Surely if you can’t trust npm packages or MS to not hand out god tokens to any who asks nicely, you shouldn’t trust a random MCP server with your credentials or your model. So I had Kilocode build my own. For that use case, local models just don’t quite cut it. I loaded $10 into OpenRouter, told it what I wanted, and selected GPT5 because it’s half off this week. 45 minutes, $0.78, and a few manual interventions later I had a working Gmail MCP that is my very own. It gave me some great instructions on how to configure an OAuth app in GCP, and I was able to get it running queries within minutes from my local models.
There is a consumer play for a ~$2499-$5000 box that can run your personal staff of agents on the horizon. We need about one more generation of models and another generation of low-mid inference hardware to make it commercially feasible to turn a profit. It would need to pay for itself easily in the lives of its adopters. Then the mass market could open up. A more obvious path goes through SMBs who care about control and data sovereignty.
If you’re curious, my power bill is up YoY, but there was a rate hike, definitely not my 4090;).
Totally agree on the consumer and SMB play (which is why we're stealthily working on it :). I'm curious what capabilities the next generation of models (and HW) will provide that doesn't exist now. Considering Ryzen 395 / Digits / etc can achieve 40-50+ T/s on capable mid-size models (e.g., OSS120B/Qwen-Next/GLM Air) with some headroom for STT and a lean TTS, I think now is the time to enter but seems to me the 2 key things that are lacking are 1) reliable low-latency multi-modal streaming voice frameworks for STT+STT and 2) reliable fast and secure UI Computer use (without relying on optional accessibility tags/meta).
My greatest concern for local AI solutions like this is the centrality of email and the obvious security concerns surrounding email auth.
Depends on the setup, but programmatic access to a Gmail account that's used for admin purposes would allow for hijacking via key/password exfiltration of anything in the mailbox, sending unattended approvals, and autonomous conversations with third parties that aren't on the lookout for impersonation. In the average case, the address book would probably get scraped and the account would be used to blast spam to the rest of the internet.
Moving further, if the OAuth Token confers access to the rest of a user's Google suite, any information in Drive can be compromised. If the token has broader access to a Google Workspace account, there's room for inspecting, modifying, and destroying important information belonging to multiple users. If it's got admin privileges, a third party can start making changes to the org's configuration at large, sending spam from the domain to tank its reputation while earning a quick buck, or engage in phishing on internal users.

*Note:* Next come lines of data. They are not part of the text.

lemma card_residue_class_less_mult:
  assumes "i < n"
  shows "card {k. k < t * n \<and> k mod n = i} = t"
proof -
  have "bij_betw (\<lambda>j. i + j * n) {..<t} {k. k < t * n \<and> k mod n = i}"
  proof (rule bij_betw_imageI)
    show "inj_on (\<lambda>j. i + j * n) {..<t}"
      using assms by (auto simp: inj_on_def)
    show "(\<lambda>j. i + j * n) ` {..<t} = {k. k < t * n \<and> k mod n = i}"
    proof (intro equalityI subsetI)
      fix k assume "k \<in> (\<lambda>j. i + j * n) ` {..<t}"
      then obtain j where "j < t" and k: "k = i + j * n" by blast
      have "i + j * n < Suc j * n" using assms by simp
      also have "\<dots> \<le> t * n" using \<open>j < t\<close> by (intro mult_le_mono1) simp
      finally show "k \<in> {k. k < t * n \<and> k mod n = i}"
        using assms k by simp
    next
      fix k assume k: "k \<in> {k. k < t * n \<and> k mod n = i}"
      then have "k = i + k div n * n" "k div n < t"
        by (auto simp: less_mult_imp_div_less)
      then show "k \<in> (\<lambda>j. i + j * n) ` {..<t}" by blast
    qed
  qed
  then show ?thesis by (metis bij_betw_same_card card_lessThan)
qed

lemma cong_add_unique_solution_nat:
  fixes b c q y :: nat
  assumes "b < q"
  shows "a < q \<and> [c + y = b + a] (mod q) \<longleftrightarrow> a = (c + y + (q - b)) mod q"
proof -
  let ?a = "(c + y + (q - b)) mod q"
  have sol: "[c + y = b + ?a] (mod q)"
    using assms unfolding cong_def by (simp add: mod_add_right_eq)
  have "a = ?a" if "a < q" "[c + y = b + a] (mod q)"
  proof -
    have "[b + a = b + ?a] (mod q)"
      using that(2) sol by (metis cong_sym cong_trans)
    then have "[a = ?a] (mod q)"
      by (simp add: cong_add_lcancel_nat)
    then show ?thesis
      by (rule cong_less_modulus_unique_nat[OF _ that(1)]) (use assms in simp)
  qed
  moreover have "?a < q" using assms by simp
  ultimately show ?thesis using sol by blast
qed

lemma cong_add_solution_ne_nat:
  fixes b c q y :: nat
  assumes "b < q" "c < q" "y < q" "c \<noteq> b"
  shows "(c + y + (q - b)) mod q \<noteq> y"
proof
  assume "(c + y + (q - b)) mod q = y"
  then have "[c + y = b + y] (mod q)"
    using cong_add_unique_solution_nat[OF assms(1), of y c y] assms(3) by simp
  then show False
    using assms by (metis cong_add_rcancel_nat cong_less_modulus_unique_nat)
qed

lemma finite_hamming_verts: "finite (hamming_verts n q)"
proof -
  have "hamming_verts n q = {x. \<forall>i. (i \<in> {..<n} \<longrightarrow> x i \<in> {..<q}) \<and> (i \<notin> {..<n} \<longrightarrow> x i = 0)}"
    unfolding hamming_verts_def by (simp add: not_less) blast
  also have "finite \<dots>"
    by (rule finite_set_of_finite_funs) simp_all
  finally show ?thesis .
qed

lemma fun_upd_in_hamming_verts:
  "x \<in> hamming_verts N q \<Longrightarrow> k < N \<Longrightarrow> a < q \<Longrightarrow> x(k := a) \<in> hamming_verts N q"
  by (simp add: hamming_verts_def)

lemma hamming_mult_eq_1_iff:
  assumes "x \<in> hamming_verts N q" "u \<in> hamming_verts N q"
  shows "hamming_mult N u x = 1 \<longleftrightarrow> (\<exists>k<N. u k \<noteq> x k \<and> u = x(k := u k))"
proof -
  have "card {i. i < N \<and> u i \<noteq> x i} = 1 \<longleftrightarrow> (\<exists>k<N. u k \<noteq> x k \<and> u = x(k := u k))"
  proof
    assume "card {i. i < N \<and> u i \<noteq> x i} = 1"
    then obtain k where k: "{i. i < N \<and> u i \<noteq> x i} = {k}"
      by (auto simp: card_1_singleton_iff)
    have off_k: "u i = x i" if "i \<noteq> k" for i
    proof (cases "i < N")
      case True
      then show ?thesis using k that by blast
    next
      case False
      then show ?thesis using assms by (simp add: hamming_verts_def)
    qed
    have "u = x(k := u k)"
    proof
      fix i show "u i = (x(k := u k)) i" using off_k by (cases "i = k") simp_all
    qed
    then show "\<exists>k<N. u k \<noteq> x k \<and> u = x(k := u k)"
      using k by blast
  next
    assume "\<exists>k<N. u k \<noteq> x k \<and> u = x(k := u k)"
    then obtain k where k: "k < N" "u k \<noteq> x k" and u: "u = x(k := u k)" by blast
    have "u i = x i" if "i \<noteq> k" for i
      using that by (subst u) simp
    then have "{i. i < N \<and> u i \<noteq> x i} = {k}"
      using k by blast
    then show "card {i. i < N \<and> u i \<noteq> x i} = 1" by simp
  qed
  then show ?thesis by (simp add: hamming_mult_def)
qed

The next step would be racking up bills in Google's Cloud, but that's hopefully locked behind a different token. All the same, a bit of lateral movement goes a long way ;)
I agree the market is niche atm, but I can't help but disagree with your outlook long term. Self hosted models don't have the problems ChatGPT subscribers are facing with models seemingly performing worse over time, they don't need to worry about usage quotas, they don't need to worry about getting locked out of their services, etc.
All of these things have a dark side, though; but it's likely unnecessary for me to elaborate on that.
Given that $2000 might only buy you about 10 date nights with dinner and drinks, the value proposition might actually be pretty good if posterity is not a feature requirement.
The sales case for having LLMs at the edge is to run inference everywhere on everything. Video games won't go to the cloud for every AI call, but they will use on-device models that will run on the next iteration of hardware.
The US is probably ahead but they're so obsessed with moats, IP and safety that their lagginess is self imposed.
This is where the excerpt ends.